# AM Radio



## rudabaux (Dec 3, 2004)

Nothing like listening to some of the oldies on the AM side of the radio while ice fishing. When I'm driving in town I constantly channel surf. Keep it on one station and let the tunes keep you company when the fish aren't cooperating. Anyone else feel the same way?


----------



## Springer (Dec 21, 2004)

I like to listen to talk radio, K-fan or ESPN radio. If you listen to FM all day you will hear about ten song over and over about four times a day. My wife thinks that this makes me old and I tell her that FM just gets old.


----------



## KEN W (Feb 22, 2002)

Springer....I agree,if I have the radio on I listen to KFAN.If I want to listen to music,I put in a CD.


----------



## Shu (Oct 21, 2003)

If you can get it, try to listen to Garage Logic once. It's AM 1500 in the cities. I think most would enjoy it. Joe Soucheray is the host and has a daily segment with Pat Ruesse and the 2 hour Saturday Sports Talk show with both of them is really good too.


----------



## Anas Strepera (Nov 10, 2004)

KFAN to me is synonymous with AM radio. :run:


----------



## Ryan_Todd (Apr 11, 2004)

i love kfan. i have 5 of their different stations preset on my radio. 1280, 1440, 560, 710, 1130.


----------



## jamartinmg2 (Oct 7, 2004)

Shu said:


> If you can get it, try to listen to Garage Logic once. It's AM 1500 in the cities. I think most would enjoy it. Joe Soucheray is the host and has a daily segment with Pat Ruesse and the 2 hour Saturday Sports Talk show with both of them is really good too.

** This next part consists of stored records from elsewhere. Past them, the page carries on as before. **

lemma length_vqueue_diff:
  "t \<le> s \<Longrightarrow> i + s \<le> length w \<Longrightarrow>
   length (vqueue (i + s)) \<le> length (vqueue (i + t)) + (s - t) \<and>
   length (vqueue (i + t)) \<le> length (vqueue (i + s)) + (s - t)"
proof (induction s)
  case (Suc s)
  show ?case
  proof (cases "t = Suc s")
    case False
    hence "t \<le> s" using Suc.prems by simp
    thus ?thesis using Suc length_vqueue_step[of "i + s"] by fastforce
  qed simp
qed simp

lemma vqueue_skip_interval:
  "(\<forall>t<n. \<not> is_v_sym (w ! (i + t))) \<Longrightarrow> i + n \<le> length w \<Longrightarrow> vqueue (i + n) = vqueue i"
  by (induction n) (auto simp: vqueue_skip)

lemma vqueue_push_interval:
  assumes empty: "vqueue i = []" and len: "i + n \<le> length w" and full: "length (vqueue (i + n)) = n"
  shows "vqueue (i + n) = [i..<i + n]"
proof -
  have L: "length (vqueue (i + t)) = t" if "t \<le> n" for t
  proof -
    have "length (vqueue (i + t)) \<le> length (vqueue (i + 0)) + (t - 0)"
      "length (vqueue (i + n)) \<le> length (vqueue (i + t)) + (n - t)"
      using length_vqueue_diff[of 0 t i] length_vqueue_diff[of t n i] that len by auto
    thus ?thesis using empty full that by simp
  qed
  have "t \<le> n \<Longrightarrow> vqueue (i + t) = [i..<i + t]" for t
  proof (induction t)
    case (Suc t)
    hence "vqueue (Suc (i + t)) = vqueue (i + t) @ [i + t]"
      using vqueue_push[of "i + t"] L[of t] L[of "Suc t"] len by simp
    thus ?case using Suc by simp
  qed (simp add: empty)
  thus ?thesis by simp
qed
lemma closure_UN_support_profiles:
  assumes f: "support_profile f" and g: "support_profile g"
    and fg: "\<And>a. a \<in> {0..1} \<Longrightarrow> 0 \<le> f a + g a"
  shows "closure (\<Union>b\<in>{0<..1}. {- g b..f b}) = {- g 0..f 0}"
    (is "closure ?I = _")
proof
  have "?I \<subseteq> {- g 0..f 0}"
  proof (intro UN_least)
    fix b :: real assume "b \<in> {0<..1}"
    then show "{- g b..f b} \<subseteq> {- g 0..f 0}"
      using support_profile_antimono[OF f, of 0 b] support_profile_antimono[OF g, of 0 b] by auto
  qed
  then show "closure ?I \<subseteq> {- g 0..f 0}" by (rule closure_minimal) simp
next
  have bdd: "bdd_above (f ` {0<..1})" "bdd_below ((\<lambda>b. - g b) ` {0<..1})"
    using support_profile_antimono[OF f, of 0] support_profile_antimono[OF g, of 0]
    by (auto intro!: bdd_aboveI2[where M="f 0"] bdd_belowI2[where m="- g 0"])
  have "f 0 = Sup (f ` {0<..1})"
  proof (rule cSup_eq_non_empty[symmetric])
    show "\<And>x. x \<in> f ` {0<..1} \<Longrightarrow> x \<le> f 0" using support_profile_antimono[OF f, of 0] by auto
    show "\<And>y. (\<And>x. x \<in> f ` {0<..1} \<Longrightarrow> x \<le> y) \<Longrightarrow> f 0 \<le> y"
      using support_profile_at_0[OF f] by blast
  qed simp
  then have "f 0 \<in> closure (f ` {0<..1})" using closure_contains_Sup[OF _ bdd(1)] by simp
  moreover have "- g 0 = Inf ((\<lambda>b. - g b) ` {0<..1})"
  proof (rule cInf_eq_non_empty[symmetric])
    show "\<And>x. x \<in> (\<lambda>b. - g b) ` {0<..1} \<Longrightarrow> - g 0 \<le> x"
      using support_profile_antimono[OF g, of 0] by auto
    fix y assume y: "\<And>x. x \<in> (\<lambda>b. - g b) ` {0<..1} \<Longrightarrow> y \<le> x"
    have "g 0 \<le> - y"
    proof (rule support_profile_at_0[OF g])
      fix b :: real assume "b \<in> {0<..1}"
      then have "y \<le> - g b" by (intro y) auto
      then show "g b \<le> - y" by simp
    qed
    then show "y \<le> - g 0" by simp
  qed simp
  then have "- g 0 \<in> closure ((\<lambda>b. - g b) ` {0<..1})" using closure_contains_Inf[OF _ bdd(2)] by simp
  moreover have "f ` {0<..1} \<subseteq> ?I" "(\<lambda>b. - g b) ` {0<..1} \<subseteq> ?I"
  proof (safe intro!: image_subsetI)
    fix b :: real assume b: "b \<in> {0<..1}"
    then have "f b \<in> {- g b..f b}" "- g b \<in> {- g b..f b}" using fg[of b] by auto
    then show "f b \<in> ?I" "- g b \<in> ?I" using b by blast+
  qed
  ultimately have ends: "f 0 \<in> closure ?I" "- g 0 \<in> closure ?I"
    using closure_mono by blast+
  have "convex ?I"
    unfolding is_interval_convex_1[symmetric] is_interval_1
  proof (intro ballI allI impI)
    fix x y z assume "x \<in> ?I" "y \<in> ?I" and z: "x \<le> z \<and> z \<le> y"
    then obtain b1 b2 where b: "b1 \<in> {0<..1}" "b2 \<in> {0<..1}"
      and "x \<in> {- g b1..f b1}" "y \<in> {- g b2..f b2}" by blast
    moreover have "f b1 \<le> f (min b1 b2)" "f b2 \<le> f (min b1 b2)"
      "g b1 \<le> g (min b1 b2)" "g b2 \<le> g (min b1 b2)"
      using b support_profile_antimono[OF f] support_profile_antimono[OF g] by auto
    ultimately have "z \<in> {- g (min b1 b2)..f (min b1 b2)}" using z by auto
    moreover have "min b1 b2 \<in> {0<..1}" using b by auto
    ultimately show "z \<in> ?I" by blast
  qed
  then have "closed_segment (- g 0) (f 0) \<subseteq> closure ?I"
    using ends by (intro closed_segment_subset convex_closure)
  then show "{- g 0..f 0} \<subseteq> closure ?I"
    using fg[of 0] by (simp add: closed_segment_eq_real_ivl)
qed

Shu... Couldn't agree more! :beer: To Garage Logic!


----------



## Springer (Dec 21, 2004)

Ryan, Mayville has ESPN Radio at 1520 on the AM dial. you should be able to get it if you are in halstad. I can get it here in GF.


----------



## Field Hunter (Mar 4, 2002)

I want to thank the guy out on Hobart yesterday that was sitting in his car while watching his line and had the rock and roll radio station so loud that they almost were able to hear it back in Valley City.


----------